# TASK DESCRIPTION
Those lines of the records that contain "only" are to be located and copied.

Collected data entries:
• • •

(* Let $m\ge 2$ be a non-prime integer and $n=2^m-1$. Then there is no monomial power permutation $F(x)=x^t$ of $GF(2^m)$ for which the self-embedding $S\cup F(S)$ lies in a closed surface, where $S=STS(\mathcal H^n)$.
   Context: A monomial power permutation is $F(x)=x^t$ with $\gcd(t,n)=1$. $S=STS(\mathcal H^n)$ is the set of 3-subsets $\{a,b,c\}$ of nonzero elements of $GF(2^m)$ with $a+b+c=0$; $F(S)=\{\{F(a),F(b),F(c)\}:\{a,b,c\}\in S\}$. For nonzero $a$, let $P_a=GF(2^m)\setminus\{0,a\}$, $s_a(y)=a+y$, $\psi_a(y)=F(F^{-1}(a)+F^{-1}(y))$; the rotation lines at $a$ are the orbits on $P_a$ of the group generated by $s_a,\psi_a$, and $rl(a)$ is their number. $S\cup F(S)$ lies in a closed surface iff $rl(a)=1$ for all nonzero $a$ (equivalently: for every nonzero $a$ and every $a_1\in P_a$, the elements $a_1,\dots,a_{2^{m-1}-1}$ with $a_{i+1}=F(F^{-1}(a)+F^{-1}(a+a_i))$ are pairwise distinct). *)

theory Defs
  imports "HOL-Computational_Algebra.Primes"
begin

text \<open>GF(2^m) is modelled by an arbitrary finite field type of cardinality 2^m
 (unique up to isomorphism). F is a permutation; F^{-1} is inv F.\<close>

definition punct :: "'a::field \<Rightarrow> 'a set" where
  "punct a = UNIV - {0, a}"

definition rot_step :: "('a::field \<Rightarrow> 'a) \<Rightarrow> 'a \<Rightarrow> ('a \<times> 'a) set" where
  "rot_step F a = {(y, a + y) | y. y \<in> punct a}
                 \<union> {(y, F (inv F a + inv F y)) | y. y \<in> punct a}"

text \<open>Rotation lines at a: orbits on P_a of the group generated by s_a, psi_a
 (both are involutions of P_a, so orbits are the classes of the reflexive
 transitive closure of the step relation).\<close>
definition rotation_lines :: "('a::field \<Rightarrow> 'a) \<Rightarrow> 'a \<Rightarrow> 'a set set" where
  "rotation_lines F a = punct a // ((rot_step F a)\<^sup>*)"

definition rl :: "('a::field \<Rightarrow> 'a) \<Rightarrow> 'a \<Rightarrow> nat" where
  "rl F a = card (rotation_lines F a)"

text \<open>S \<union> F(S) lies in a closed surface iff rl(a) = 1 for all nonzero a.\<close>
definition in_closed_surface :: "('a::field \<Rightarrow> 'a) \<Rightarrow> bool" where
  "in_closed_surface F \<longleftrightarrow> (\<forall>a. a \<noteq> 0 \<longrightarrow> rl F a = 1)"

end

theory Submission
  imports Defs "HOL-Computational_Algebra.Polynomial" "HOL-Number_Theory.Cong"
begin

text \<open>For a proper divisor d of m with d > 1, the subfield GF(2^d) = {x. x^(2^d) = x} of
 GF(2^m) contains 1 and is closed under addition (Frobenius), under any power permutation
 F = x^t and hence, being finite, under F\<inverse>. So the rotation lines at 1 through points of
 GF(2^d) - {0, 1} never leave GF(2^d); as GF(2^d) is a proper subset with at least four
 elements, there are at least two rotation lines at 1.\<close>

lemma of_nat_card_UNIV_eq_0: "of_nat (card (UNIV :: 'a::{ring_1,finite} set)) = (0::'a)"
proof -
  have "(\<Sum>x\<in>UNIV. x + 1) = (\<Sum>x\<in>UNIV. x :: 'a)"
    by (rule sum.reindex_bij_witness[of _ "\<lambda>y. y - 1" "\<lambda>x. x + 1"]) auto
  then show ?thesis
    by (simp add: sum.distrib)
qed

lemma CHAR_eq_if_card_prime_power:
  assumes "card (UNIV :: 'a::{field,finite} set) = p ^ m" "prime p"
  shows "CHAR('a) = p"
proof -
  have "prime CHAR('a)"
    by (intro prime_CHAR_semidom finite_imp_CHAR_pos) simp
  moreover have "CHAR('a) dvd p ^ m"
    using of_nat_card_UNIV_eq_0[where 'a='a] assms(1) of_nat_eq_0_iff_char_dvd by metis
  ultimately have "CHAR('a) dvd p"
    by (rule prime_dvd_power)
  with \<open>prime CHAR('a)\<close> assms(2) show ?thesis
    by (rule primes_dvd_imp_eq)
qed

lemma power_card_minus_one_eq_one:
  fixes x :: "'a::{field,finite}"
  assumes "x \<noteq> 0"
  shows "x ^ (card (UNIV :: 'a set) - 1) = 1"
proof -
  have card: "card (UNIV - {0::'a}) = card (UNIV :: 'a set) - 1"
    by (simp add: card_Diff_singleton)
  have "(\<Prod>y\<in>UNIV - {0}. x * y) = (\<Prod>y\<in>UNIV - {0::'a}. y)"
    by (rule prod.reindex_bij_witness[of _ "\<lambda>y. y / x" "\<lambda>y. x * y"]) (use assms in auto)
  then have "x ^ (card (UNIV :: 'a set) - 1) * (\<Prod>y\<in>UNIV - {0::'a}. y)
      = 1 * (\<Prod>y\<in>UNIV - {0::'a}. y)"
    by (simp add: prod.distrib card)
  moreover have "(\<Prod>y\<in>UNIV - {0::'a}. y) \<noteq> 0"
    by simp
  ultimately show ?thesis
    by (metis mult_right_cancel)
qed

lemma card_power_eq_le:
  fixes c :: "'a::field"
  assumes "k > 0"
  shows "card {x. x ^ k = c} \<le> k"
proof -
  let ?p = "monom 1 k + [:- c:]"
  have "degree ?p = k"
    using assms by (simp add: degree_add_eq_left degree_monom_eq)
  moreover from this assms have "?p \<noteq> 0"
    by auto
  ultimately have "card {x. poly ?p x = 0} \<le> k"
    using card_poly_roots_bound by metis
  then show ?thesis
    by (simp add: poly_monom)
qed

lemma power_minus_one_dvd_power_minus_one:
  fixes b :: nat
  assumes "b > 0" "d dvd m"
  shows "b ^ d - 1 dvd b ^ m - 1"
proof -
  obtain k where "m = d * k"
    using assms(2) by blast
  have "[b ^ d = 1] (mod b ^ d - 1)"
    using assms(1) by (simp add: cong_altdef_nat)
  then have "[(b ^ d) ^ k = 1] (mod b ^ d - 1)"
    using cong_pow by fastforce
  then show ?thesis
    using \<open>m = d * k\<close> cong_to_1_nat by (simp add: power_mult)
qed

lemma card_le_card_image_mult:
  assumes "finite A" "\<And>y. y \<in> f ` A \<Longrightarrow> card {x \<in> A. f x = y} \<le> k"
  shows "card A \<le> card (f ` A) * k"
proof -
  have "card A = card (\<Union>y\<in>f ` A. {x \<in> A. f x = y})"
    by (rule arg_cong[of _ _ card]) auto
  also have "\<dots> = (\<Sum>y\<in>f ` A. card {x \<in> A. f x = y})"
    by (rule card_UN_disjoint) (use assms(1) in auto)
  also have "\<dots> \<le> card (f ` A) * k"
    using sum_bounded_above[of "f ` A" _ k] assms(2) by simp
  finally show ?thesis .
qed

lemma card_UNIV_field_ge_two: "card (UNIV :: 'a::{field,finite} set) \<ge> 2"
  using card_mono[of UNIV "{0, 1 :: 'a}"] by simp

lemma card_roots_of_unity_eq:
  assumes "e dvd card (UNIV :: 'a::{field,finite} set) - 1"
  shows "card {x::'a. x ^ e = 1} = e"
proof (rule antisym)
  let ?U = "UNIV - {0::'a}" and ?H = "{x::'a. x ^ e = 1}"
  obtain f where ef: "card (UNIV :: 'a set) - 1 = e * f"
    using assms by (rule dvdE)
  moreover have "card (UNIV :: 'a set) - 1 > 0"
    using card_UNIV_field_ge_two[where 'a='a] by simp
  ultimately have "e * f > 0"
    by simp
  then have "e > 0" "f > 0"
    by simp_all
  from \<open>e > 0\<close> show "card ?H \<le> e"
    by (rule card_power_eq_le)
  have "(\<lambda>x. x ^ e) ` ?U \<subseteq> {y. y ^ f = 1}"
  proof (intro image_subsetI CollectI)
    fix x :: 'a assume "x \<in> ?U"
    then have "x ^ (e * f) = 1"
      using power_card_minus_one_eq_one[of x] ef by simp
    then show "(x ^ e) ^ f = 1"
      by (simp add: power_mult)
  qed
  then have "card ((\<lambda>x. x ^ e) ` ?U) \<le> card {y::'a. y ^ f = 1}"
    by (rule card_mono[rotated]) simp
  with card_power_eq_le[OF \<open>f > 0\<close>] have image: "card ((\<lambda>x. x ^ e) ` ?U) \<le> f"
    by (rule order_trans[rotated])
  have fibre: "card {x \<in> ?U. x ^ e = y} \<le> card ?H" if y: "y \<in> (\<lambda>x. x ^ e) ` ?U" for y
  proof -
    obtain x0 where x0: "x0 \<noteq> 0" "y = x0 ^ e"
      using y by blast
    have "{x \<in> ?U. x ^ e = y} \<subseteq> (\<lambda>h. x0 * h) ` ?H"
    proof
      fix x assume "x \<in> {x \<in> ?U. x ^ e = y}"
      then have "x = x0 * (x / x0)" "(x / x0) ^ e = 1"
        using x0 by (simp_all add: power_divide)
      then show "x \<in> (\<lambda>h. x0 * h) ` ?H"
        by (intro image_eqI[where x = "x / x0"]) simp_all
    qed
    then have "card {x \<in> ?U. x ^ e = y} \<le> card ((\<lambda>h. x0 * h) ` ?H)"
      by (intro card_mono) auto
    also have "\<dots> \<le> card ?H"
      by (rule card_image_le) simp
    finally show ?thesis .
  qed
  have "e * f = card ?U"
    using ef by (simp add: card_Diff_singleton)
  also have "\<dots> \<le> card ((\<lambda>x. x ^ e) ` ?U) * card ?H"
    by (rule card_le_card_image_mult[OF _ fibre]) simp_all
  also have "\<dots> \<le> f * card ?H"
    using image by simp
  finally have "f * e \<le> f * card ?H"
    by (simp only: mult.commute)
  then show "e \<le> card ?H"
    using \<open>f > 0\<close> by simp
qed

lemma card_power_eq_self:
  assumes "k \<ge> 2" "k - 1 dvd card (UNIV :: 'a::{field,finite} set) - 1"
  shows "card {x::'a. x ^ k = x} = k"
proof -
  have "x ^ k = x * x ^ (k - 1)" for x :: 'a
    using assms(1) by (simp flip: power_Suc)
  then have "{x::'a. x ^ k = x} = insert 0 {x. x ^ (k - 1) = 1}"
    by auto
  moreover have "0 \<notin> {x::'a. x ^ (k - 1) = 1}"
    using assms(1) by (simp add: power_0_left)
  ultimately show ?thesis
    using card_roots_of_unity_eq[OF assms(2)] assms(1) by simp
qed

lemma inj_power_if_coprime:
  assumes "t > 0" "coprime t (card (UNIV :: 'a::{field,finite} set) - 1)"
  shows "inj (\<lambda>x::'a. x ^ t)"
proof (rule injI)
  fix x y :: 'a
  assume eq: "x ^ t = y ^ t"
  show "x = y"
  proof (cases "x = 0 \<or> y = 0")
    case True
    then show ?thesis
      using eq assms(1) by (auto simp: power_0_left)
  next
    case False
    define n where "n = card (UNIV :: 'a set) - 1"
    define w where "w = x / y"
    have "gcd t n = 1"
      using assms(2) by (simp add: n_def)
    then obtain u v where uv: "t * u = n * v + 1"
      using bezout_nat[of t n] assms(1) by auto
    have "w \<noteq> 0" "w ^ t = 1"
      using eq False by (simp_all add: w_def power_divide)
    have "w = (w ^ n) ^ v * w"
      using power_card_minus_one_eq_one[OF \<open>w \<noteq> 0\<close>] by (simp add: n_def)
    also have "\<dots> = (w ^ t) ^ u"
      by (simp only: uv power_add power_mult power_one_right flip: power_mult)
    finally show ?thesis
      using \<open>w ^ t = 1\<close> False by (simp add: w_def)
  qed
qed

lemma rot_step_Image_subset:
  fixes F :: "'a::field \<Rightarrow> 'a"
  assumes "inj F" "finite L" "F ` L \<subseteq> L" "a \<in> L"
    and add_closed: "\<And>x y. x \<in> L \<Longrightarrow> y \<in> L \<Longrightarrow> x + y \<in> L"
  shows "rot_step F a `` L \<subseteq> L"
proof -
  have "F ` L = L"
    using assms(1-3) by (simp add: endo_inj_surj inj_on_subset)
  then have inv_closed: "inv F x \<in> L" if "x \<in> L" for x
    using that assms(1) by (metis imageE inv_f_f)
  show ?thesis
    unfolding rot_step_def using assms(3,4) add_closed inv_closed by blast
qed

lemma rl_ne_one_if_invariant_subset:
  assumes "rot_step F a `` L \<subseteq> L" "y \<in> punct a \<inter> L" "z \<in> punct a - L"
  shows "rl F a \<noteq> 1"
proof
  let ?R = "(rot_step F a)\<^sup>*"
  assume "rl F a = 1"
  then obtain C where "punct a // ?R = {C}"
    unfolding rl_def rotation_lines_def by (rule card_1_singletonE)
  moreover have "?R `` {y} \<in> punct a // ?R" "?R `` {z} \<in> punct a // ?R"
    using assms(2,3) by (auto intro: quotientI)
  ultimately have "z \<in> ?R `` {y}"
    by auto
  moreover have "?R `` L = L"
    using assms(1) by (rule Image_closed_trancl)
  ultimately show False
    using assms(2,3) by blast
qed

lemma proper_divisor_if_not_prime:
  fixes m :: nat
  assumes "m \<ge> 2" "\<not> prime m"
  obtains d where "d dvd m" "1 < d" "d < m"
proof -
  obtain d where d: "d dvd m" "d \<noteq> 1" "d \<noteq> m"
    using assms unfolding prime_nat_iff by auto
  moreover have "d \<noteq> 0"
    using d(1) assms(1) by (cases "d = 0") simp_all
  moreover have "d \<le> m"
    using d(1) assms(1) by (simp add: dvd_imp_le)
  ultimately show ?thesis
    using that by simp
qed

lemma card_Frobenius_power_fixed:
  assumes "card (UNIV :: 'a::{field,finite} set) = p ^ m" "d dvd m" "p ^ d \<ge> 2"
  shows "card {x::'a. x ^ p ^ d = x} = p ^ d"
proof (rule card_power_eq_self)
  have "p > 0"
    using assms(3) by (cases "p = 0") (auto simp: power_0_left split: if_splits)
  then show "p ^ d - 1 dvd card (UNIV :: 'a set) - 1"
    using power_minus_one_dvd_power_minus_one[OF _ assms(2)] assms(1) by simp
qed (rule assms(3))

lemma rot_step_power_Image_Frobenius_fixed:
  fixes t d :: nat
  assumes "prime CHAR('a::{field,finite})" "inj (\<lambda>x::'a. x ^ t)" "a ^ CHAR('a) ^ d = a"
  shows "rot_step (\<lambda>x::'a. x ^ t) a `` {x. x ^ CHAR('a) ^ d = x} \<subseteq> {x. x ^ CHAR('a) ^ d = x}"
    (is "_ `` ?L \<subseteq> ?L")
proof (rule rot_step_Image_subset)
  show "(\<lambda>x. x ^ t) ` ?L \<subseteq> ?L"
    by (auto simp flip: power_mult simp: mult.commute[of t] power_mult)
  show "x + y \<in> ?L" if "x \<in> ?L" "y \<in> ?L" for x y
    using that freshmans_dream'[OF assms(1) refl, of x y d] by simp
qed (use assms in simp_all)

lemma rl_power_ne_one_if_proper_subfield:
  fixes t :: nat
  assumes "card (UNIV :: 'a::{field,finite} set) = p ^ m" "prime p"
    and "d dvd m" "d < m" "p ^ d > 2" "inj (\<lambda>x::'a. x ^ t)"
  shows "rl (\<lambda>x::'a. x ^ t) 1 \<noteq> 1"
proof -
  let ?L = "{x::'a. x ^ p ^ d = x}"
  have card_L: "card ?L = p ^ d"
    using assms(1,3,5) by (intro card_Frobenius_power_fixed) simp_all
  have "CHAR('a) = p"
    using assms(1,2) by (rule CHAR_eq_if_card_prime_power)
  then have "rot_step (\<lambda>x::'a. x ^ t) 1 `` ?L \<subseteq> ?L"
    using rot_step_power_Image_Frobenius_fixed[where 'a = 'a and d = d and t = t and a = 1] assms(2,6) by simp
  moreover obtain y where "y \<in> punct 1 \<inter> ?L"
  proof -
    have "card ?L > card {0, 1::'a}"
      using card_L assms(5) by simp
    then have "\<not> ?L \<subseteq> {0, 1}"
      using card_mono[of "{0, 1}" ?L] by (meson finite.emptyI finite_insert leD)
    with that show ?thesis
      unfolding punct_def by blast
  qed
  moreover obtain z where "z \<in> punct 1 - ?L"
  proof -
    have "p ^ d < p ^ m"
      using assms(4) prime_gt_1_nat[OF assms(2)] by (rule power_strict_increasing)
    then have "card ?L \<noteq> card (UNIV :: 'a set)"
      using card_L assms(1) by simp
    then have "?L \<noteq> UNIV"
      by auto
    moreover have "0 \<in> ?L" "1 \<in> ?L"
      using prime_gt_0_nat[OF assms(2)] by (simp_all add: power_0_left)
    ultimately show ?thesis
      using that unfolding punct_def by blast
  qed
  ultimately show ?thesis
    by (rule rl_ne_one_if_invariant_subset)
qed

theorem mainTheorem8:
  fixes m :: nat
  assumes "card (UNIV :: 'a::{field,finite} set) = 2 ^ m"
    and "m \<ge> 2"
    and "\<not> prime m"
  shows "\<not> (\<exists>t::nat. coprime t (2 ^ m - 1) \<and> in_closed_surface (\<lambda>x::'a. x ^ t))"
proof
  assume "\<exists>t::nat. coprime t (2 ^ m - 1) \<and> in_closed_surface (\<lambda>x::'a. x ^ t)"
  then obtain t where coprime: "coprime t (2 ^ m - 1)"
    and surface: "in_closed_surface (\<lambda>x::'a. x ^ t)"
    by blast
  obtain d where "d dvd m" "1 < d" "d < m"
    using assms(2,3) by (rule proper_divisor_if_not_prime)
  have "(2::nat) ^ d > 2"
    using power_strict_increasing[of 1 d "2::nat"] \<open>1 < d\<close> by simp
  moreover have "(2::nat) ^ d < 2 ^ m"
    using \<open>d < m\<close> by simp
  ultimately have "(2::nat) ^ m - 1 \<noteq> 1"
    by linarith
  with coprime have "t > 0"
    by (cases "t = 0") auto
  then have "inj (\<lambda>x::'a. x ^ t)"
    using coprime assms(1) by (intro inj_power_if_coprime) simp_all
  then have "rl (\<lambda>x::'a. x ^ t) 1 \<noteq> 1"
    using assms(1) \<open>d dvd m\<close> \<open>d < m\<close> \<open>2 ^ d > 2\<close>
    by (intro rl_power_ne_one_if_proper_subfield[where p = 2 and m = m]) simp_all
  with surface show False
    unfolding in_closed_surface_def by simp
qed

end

• • •

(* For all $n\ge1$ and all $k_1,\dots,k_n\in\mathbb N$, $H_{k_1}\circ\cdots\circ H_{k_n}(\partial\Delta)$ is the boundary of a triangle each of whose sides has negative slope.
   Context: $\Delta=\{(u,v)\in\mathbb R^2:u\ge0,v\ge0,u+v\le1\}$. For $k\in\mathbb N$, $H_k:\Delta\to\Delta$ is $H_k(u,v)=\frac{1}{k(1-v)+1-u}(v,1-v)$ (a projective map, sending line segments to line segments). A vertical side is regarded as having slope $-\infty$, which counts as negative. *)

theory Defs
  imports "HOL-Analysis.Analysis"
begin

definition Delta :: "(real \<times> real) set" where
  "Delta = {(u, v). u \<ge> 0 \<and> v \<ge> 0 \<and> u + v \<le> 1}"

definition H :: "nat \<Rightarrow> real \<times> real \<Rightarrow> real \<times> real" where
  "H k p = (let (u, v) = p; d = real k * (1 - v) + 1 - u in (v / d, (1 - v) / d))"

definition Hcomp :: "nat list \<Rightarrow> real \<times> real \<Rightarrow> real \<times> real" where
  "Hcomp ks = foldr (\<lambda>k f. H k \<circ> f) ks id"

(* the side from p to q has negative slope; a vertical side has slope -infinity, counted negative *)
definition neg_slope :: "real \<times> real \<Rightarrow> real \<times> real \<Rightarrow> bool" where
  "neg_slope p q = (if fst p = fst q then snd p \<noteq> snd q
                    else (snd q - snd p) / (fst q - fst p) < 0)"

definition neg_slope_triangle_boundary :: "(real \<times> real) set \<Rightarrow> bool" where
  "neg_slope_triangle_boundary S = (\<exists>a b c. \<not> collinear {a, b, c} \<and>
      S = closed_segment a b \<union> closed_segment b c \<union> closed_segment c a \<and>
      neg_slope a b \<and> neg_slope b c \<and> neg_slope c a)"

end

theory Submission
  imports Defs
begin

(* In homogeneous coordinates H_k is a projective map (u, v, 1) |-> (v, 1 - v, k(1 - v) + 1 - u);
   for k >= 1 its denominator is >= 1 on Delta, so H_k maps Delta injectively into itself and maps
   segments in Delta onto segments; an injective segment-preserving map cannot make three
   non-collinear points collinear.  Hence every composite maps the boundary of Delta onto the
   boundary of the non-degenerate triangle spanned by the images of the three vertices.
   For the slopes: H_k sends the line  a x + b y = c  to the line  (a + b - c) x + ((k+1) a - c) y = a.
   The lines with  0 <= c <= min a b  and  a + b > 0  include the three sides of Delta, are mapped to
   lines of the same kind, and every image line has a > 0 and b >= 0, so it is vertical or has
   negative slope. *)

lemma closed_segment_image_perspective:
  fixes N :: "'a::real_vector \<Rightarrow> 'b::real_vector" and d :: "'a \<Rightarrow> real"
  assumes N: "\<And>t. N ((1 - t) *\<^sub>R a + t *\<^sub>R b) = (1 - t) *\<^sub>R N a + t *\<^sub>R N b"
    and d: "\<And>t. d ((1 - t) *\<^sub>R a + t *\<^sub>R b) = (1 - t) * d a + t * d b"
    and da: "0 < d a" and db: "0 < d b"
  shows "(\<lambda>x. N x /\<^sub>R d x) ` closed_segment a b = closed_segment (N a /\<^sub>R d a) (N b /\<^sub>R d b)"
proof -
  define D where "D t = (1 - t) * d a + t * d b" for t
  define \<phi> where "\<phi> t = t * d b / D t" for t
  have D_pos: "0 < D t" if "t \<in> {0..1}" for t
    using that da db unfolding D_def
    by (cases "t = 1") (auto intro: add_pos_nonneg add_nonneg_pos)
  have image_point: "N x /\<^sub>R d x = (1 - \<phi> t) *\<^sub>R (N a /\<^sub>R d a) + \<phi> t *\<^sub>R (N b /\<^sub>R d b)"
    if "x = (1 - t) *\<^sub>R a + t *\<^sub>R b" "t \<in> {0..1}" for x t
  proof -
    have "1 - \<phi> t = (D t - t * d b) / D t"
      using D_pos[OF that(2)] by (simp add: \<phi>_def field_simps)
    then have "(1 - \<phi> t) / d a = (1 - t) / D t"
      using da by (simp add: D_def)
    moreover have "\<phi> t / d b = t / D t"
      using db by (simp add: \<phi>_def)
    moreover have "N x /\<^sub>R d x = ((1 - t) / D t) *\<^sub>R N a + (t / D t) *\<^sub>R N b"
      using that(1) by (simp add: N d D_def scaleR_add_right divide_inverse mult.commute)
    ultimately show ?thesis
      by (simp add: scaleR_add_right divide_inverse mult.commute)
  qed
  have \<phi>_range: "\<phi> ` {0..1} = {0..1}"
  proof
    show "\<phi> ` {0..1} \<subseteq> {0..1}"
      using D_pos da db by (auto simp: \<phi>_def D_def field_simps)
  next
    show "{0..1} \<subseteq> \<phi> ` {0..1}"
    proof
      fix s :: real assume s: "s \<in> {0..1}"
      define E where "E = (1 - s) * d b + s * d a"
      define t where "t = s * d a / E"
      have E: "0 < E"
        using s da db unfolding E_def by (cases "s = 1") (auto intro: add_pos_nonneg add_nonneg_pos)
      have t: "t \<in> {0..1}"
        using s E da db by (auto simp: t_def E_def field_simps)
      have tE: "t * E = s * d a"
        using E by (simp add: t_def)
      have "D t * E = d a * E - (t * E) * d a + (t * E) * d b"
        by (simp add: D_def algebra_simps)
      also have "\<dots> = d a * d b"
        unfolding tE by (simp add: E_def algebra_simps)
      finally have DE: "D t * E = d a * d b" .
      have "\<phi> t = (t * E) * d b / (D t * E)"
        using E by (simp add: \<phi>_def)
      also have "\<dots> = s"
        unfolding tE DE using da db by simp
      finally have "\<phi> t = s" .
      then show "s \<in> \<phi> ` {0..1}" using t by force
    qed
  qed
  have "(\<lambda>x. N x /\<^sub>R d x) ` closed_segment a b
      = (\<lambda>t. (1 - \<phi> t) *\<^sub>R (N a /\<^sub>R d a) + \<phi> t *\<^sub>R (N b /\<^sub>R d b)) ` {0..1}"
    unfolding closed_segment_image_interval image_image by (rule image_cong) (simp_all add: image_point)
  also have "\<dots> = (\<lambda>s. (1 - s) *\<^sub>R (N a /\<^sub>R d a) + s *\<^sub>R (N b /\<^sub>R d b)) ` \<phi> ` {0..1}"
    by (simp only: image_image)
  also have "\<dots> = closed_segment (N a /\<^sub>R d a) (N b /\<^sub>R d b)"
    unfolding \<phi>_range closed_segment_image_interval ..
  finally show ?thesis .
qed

• • •

# YOUR SOLUTION
    by (simp only: mult.commute)
      by (simp only: uv power_add power_mult power_one_right flip: power_mult)
    by (simp only: image_image)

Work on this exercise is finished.